Identical copies of all the records below are needed.

------ Dataset extract

locale section3_grid = column_grid A le h 3 c
  for A :: "'a set" and le h and c :: "nat \<Rightarrow> nat \<Rightarrow> 'a" +
  assumes shift: "\<And>k l i j. k \<le> h \<Longrightarrow> l \<le> h \<Longrightarrow> i < 3 \<Longrightarrow> j < 3 \<Longrightarrow> lt le (c k i) (c l j) \<Longrightarrow>
      lt le (c k ((i + 1) mod 3)) (c l ((j + 1) mod 3))"
begin

lemma shift_iter:
  assumes "k \<le> h" "l \<le> h" "j < 3" and "lt le (c k 0) (c l j)" and "i < 3"
  shows "lt le (c k i) (c l ((i + j) mod 3))"
  using assms(5)
proof (induction i)
  case (Suc i)
  have "lt le (c k ((i + 1) mod 3)) (c l (((i + j) mod 3 + 1) mod 3))"
    by (rule shift[OF assms(1,2)]) (use Suc in simp_all)
  moreover have "(i + 1) mod 3 = Suc i" "((i + j) mod 3 + 1) mod 3 = (Suc i + j) mod 3"
    using Suc.prems by (simp_all add: mod_Suc_eq)
  ultimately show ?case by simp
qed (use assms in simp)

text \<open>The first clause of niceness at \<open>c k 0 < c h 0\<close> yields an element of the top level,
  necessarily in another column, above \<open>c k 0\<close>; the shift condition propagates this cover
  around all three columns.\<close>

lemma nice_top_row_rotation:
  assumes "nice A le" and "h = Suc k"
  obtains j where "j \<in> {1, 2}" and "\<And>i. i < 3 \<Longrightarrow> lt le (c k i) (c h ((i + j) mod 3))"
proof -
  have "lt le (c k 0) (c h 0)" using column_less assms(2) by simp
  then have "\<not> {z \<in> A. lt le (c k 0) z} \<subseteq> {z \<in> A. le (c h 0) z}"
    using assms cell_in_carrier[of k 0] cell_in_carrier[of h 0] unfolding nice_def by simp
  then obtain z where z: "z \<in> A" "lt le (c k 0) z" "\<not> le (c h 0) z"
    by blast
  then obtain l j where lj: "z = c l j" "l \<le> h" "j < 3" using carrier_cell by blast
  have "l = h" using not_less_lower_row[of l k 0 j] z lj assms(2) by fastforce
  have "j \<noteq> 0"
  proof
    assume "j = 0"
    with z lj \<open>l = h\<close> show False using finite_poset_refl[OF poset] by simp
  qed
  with lj have "j \<in> {1, 2}" by auto
  moreover have "lt le (c k i) (c h ((i + j) mod 3))" if "i < 3" for i
    using shift_iter[of k h j i] z lj \<open>l = h\<close> assms(2) that by simp
  ultimately show ?thesis using that by blast
qed

end

lemma section3_grid_exists:
  assumes "finite_poset A le" and "section3 A le"
  obtains c where "section3_grid A le (height A le) c"
proof -
  let ?h = "height A le"
  from assms(2) obtain c :: "nat \<Rightarrow> nat \<Rightarrow> 'a" where
    carrier: "A = {c k j | k j. k \<le> ?h \<and> j < 3}" and
    steps: "\<forall>j<3. \<forall>k<?h. lt le (c k j) (c (Suc k) j)" and
    antichains: "\<forall>k\<le>?h. \<forall>i<3. \<forall>j<3. i \<noteq> j \<longrightarrow> \<not> le (c k i) (c k j)" and
    shift: "\<forall>k\<le>?h. \<forall>l\<le>?h. \<forall>i<3. \<forall>j<3.
      lt le (c k i) (c l j) \<longrightarrow> lt le (c k ((i + 1) mod 3)) (c l ((j + 1) mod 3))"
    unfolding section3_def Let_def by blast
  have "section3_grid A le ?h c"
    by unfold_locales (use assms(1) carrier steps antichains shift in simp_all)
  then show thesis by (rule that)
qed

locale crown_retract =
  fixes A :: "'a set" and le :: "'a \<Rightarrow> 'a \<Rightarrow> bool" and r :: "'a \<Rightarrow> 'a" and a b c d :: 'a
  assumes poset: "finite_poset A le"
    and maps_to: "\<And>x. x \<in> A \<Longrightarrow> r x \<in> A"
    and mono: "\<And>x y. x \<in> A \<Longrightarrow> y \<in> A \<Longrightarrow> le x y \<Longrightarrow> le (r x) (r y)"
    and idem: "\<And>x. x \<in> A \<Longrightarrow> r (r x) = r x"
    and image: "r ` A = {a, b, c, d}"
    and incomparable: "\<not> le a b" "\<not> le b a" "\<not> le c d" "\<not> le d c"
    and bottoms_below_tops: "lt le a c" "lt le a d" "lt le b c" "lt le b d"
begin

lemma crown_in_carrier: "a \<in> A" "b \<in> A" "c \<in> A" "d \<in> A"
proof -
  have "r ` A \<subseteq> A" using maps_to by (rule image_subsetI)
  then show "a \<in> A" "b \<in> A" "c \<in> A" "d \<in> A" unfolding image by simp_all
qed

lemma retract_in_crown: "x \<in> A \<Longrightarrow> r x \<in> {a, b, c, d}"
  using image by blast

lemma retract_fixes_crown:
  assumes "y \<in> {a, b, c, d}"
  shows "r y = y"
proof -
  obtain x where "x \<in> A" "y = r x" using assms image by (metis imageE)
  then show ?thesis using idem by simp
qed

lemma tops_not_below_bottoms: "\<not> le c a" "\<not> le d a" "\<not> le c b" "\<not> le d b"
  using finite_poset_less_not_le[OF poset] crown_in_carrier bottoms_below_tops by blast+

lemma crown_below_bottom: "y \<in> {a, b} \<Longrightarrow> z \<in> {a, b, c, d} \<Longrightarrow> le z y \<Longrightarrow> z = y"
  using incomparable tops_not_below_bottoms by auto

lemma crown_above_top: "y \<in> {c, d} \<Longrightarrow> z \<in> {a, b, c, d} \<Longrightarrow> le y z \<Longrightarrow> z = y"
  using incomparable tops_not_below_bottoms by auto

lemma retract_below_bottom:
  assumes "x \<in> A" "y \<in> A" "le x y" "r y \<in> {a, b}"
  shows "r x = r y"
  using crown_below_bottom[OF assms(4) retract_in_crown[OF assms(1)]] mono assms(1-3) .

lemma retract_above_top:
  assumes "x \<in> A" "y \<in> A" "le x y" "r x \<in> {c, d}"
  shows "r y = r x"
  using crown_above_top[OF assms(4) retract_in_crown[OF assms(2)]] mono assms(1-3) .

lemma retract_above_bottoms:
  assumes "x \<in> A" "u \<in> A" "v \<in> A" "le u x" "le v x" "r u = a" "r v = b"
  shows "r x \<in> {c, d}"
proof -
  have "le a (r x)" "le b (r x)" using mono[of u x] mono[of v x] assms by simp_all
  then show ?thesis using retract_in_crown[OF assms(1)] incomparable by auto
qed

end

lemma has_4crown_retract_crown_retract:
  assumes "finite_poset A le" and "has_4crown_retract A le"
  obtains r a b c d where "crown_retract A le r a b c d"
proof -
  from assms(2) obtain r a b c d where
    "\<forall>x\<in>A. r x \<in> A" "\<forall>x\<in>A. \<forall>y\<in>A. le x y \<longrightarrow> le (r x) (r y)" "\<forall>x\<in>A. r (r x) = r x"
    "r ` A = {a, b, c, d}" "\<not> le a b" "\<not> le b a" "\<not> le c d" "\<not> le d c"
    "lt le a c" "lt le a d" "lt le b c" "lt le b d"
    unfolding has_4crown_retract_def by blast
  with assms(1) have "crown_retract A le r a b c d"
    by unfold_locales simp_all
  then show thesis by (rule that)
qed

------------

• _Response to this exercise_
locale section3_grid = column_grid A le h 3 c
  for A :: "'a set" and le h and c :: "nat \<Rightarrow> nat \<Rightarrow> 'a" +
  assumes shift: "\<And>k l i j. k \<le> h \<Longrightarrow> l \<le> h \<Longrightarrow> i < 3 \<Longrightarrow> j < 3 \<Longrightarrow> lt le (c k i) (c l j) \<Longrightarrow>
      lt le (c k ((i + 1) mod 3)) (c l ((j + 1) mod 3))"
begin

lemma shift_iter:
  assumes "k \<le> h" "l \<le> h" "j < 3" and "lt le (c k 0) (c l j)" and "i < 3"
  shows "lt le (c k i) (c l ((i + j) mod 3))"
  using assms(5)
proof (induction i)
  case (Suc i)
  have "lt le (c k ((i + 1) mod 3)) (c l (((i + j) mod 3 + 1) mod 3))"
    by (rule shift[OF assms(1,2)]) (use Suc in simp_all)
  moreover have "(i + 1) mod 3 = Suc i" "((i + j) mod 3 + 1) mod 3 = (Suc i + j) mod 3"
    using Suc.prems by (simp_all add: mod_Suc_eq)
  ultimately show ?case by simp
qed (use assms in simp)

text \<open>The first clause of niceness at \<open>c k 0 < c h 0\<close> yields an element of the top level,
  necessarily in another column, above \<open>c k 0\<close>; the shift condition propagates this cover
  around all three columns.\<close>

lemma nice_top_row_rotation:
  assumes "nice A le" and "h = Suc k"
  obtains j where "j \<in> {1, 2}" and "\<And>i. i < 3 \<Longrightarrow> lt le (c k i) (c h ((i + j) mod 3))"
proof -
  have "lt le (c k 0) (c h 0)" using column_less assms(2) by simp
  then have "\<not> {z \<in> A. lt le (c k 0) z} \<subseteq> {z \<in> A. le (c h 0) z}"
    using assms cell_in_carrier[of k 0] cell_in_carrier[of h 0] unfolding nice_def by simp
  then obtain z where z: "z \<in> A" "lt le (c k 0) z" "\<not> le (c h 0) z"
    by blast
  then obtain l j where lj: "z = c l j" "l \<le> h" "j < 3" using carrier_cell by blast
  have "l = h" using not_less_lower_row[of l k 0 j] z lj assms(2) by fastforce
  have "j \<noteq> 0"
  proof
    assume "j = 0"
    with z lj \<open>l = h\<close> show False using finite_poset_refl[OF poset] by simp
  qed
  with lj have "j \<in> {1, 2}" by auto
  moreover have "lt le (c k i) (c h ((i + j) mod 3))" if "i < 3" for i
    using shift_iter[of k h j i] z lj \<open>l = h\<close> assms(2) that by simp
  ultimately show ?thesis using that by blast
qed

end

lemma section3_grid_exists:
  assumes "finite_poset A le" and "section3 A le"
  obtains c where "section3_grid A le (height A le) c"
proof -
  let ?h = "height A le"
  from assms(2) obtain c :: "nat \<Rightarrow> nat \<Rightarrow> 'a" where
    carrier: "A = {c k j | k j. k \<le> ?h \<and> j < 3}" and
    steps: "\<forall>j<3. \<forall>k<?h. lt le (c k j) (c (Suc k) j)" and
    antichains: "\<forall>k\<le>?h. \<forall>i<3. \<forall>j<3. i \<noteq> j \<longrightarrow> \<not> le (c k i) (c k j)" and
    shift: "\<forall>k\<le>?h. \<forall>l\<le>?h. \<forall>i<3. \<forall>j<3.
      lt le (c k i) (c l j) \<longrightarrow> lt le (c k ((i + 1) mod 3)) (c l ((j + 1) mod 3))"
    unfolding section3_def Let_def by blast
  have "section3_grid A le ?h c"
    by unfold_locales (use assms(1) carrier steps antichains shift in simp_all)
  then show thesis by (rule that)
qed

locale crown_retract =
  fixes A :: "'a set" and le :: "'a \<Rightarrow> 'a \<Rightarrow> bool" and r :: "'a \<Rightarrow> 'a" and a b c d :: 'a
  assumes poset: "finite_poset A le"
    and maps_to: "\<And>x. x \<in> A \<Longrightarrow> r x \<in> A"
    and mono: "\<And>x y. x \<in> A \<Longrightarrow> y \<in> A \<Longrightarrow> le x y \<Longrightarrow> le (r x) (r y)"
    and idem: "\<And>x. x \<in> A \<Longrightarrow> r (r x) = r x"
    and image: "r ` A = {a, b, c, d}"
    and incomparable: "\<not> le a b" "\<not> le b a" "\<not> le c d" "\<not> le d c"
    and bottoms_below_tops: "lt le a c" "lt le a d" "lt le b c" "lt le b d"
begin

lemma crown_in_carrier: "a \<in> A" "b \<in> A" "c \<in> A" "d \<in> A"
proof -
  have "r ` A \<subseteq> A" using maps_to by (rule image_subsetI)
  then show "a \<in> A" "b \<in> A" "c \<in> A" "d \<in> A" unfolding image by simp_all
qed

lemma retract_in_crown: "x \<in> A \<Longrightarrow> r x \<in> {a, b, c, d}"
  using image by blast

lemma retract_fixes_crown:
  assumes "y \<in> {a, b, c, d}"
  shows "r y = y"
proof -
  obtain x where "x \<in> A" "y = r x" using assms image by (metis imageE)
  then show ?thesis using idem by simp
qed

lemma tops_not_below_bottoms: "\<not> le c a" "\<not> le d a" "\<not> le c b" "\<not> le d b"
  using finite_poset_less_not_le[OF poset] crown_in_carrier bottoms_below_tops by blast+

lemma crown_below_bottom: "y \<in> {a, b} \<Longrightarrow> z \<in> {a, b, c, d} \<Longrightarrow> le z y \<Longrightarrow> z = y"
  using incomparable tops_not_below_bottoms by auto

lemma crown_above_top: "y \<in> {c, d} \<Longrightarrow> z \<in> {a, b, c, d} \<Longrightarrow> le y z \<Longrightarrow> z = y"
  using incomparable tops_not_below_bottoms by auto

lemma retract_below_bottom:
  assumes "x \<in> A" "y \<in> A" "le x y" "r y \<in> {a, b}"
  shows "r x = r y"
  using crown_below_bottom[OF assms(4) retract_in_crown[OF assms(1)]] mono assms(1-3) .

lemma retract_above_top:
  assumes "x \<in> A" "y \<in> A" "le x y" "r x \<in> {c, d}"
  shows "r y = r x"
  using crown_above_top[OF assms(4) retract_in_crown[OF assms(2)]] mono assms(1-3) .

lemma retract_above_bottoms:
  assumes "x \<in> A" "u \<in> A" "v \<in> A" "le u x" "le v x" "r u = a" "r v = b"
  shows "r x \<in> {c, d}"
proof -
  have "le a (r x)" "le b (r x)" using mono[of u x] mono[of v x] assms by simp_all
  then show ?thesis using retract_in_crown[OF assms(1)] incomparable by auto
qed

end

lemma has_4crown_retract_crown_retract:
  assumes "finite_poset A le" and "has_4crown_retract A le"
  obtains r a b c d where "crown_retract A le r a b c d"
proof -
  from assms(2) obtain r a b c d where
    "\<forall>x\<in>A. r x \<in> A" "\<forall>x\<in>A. \<forall>y\<in>A. le x y \<longrightarrow> le (r x) (r y)" "\<forall>x\<in>A. r (r x) = r x"
    "r ` A = {a, b, c, d}" "\<not> le a b" "\<not> le b a" "\<not> le c d" "\<not> le d c"
    "lt le a c" "lt le a d" "lt le b c" "lt le b d"
    unfolding has_4crown_retract_def by blast
  with assms(1) have "crown_retract A le r a b c d"
    by unfold_locales simp_all
  then show thesis by (rule that)
qed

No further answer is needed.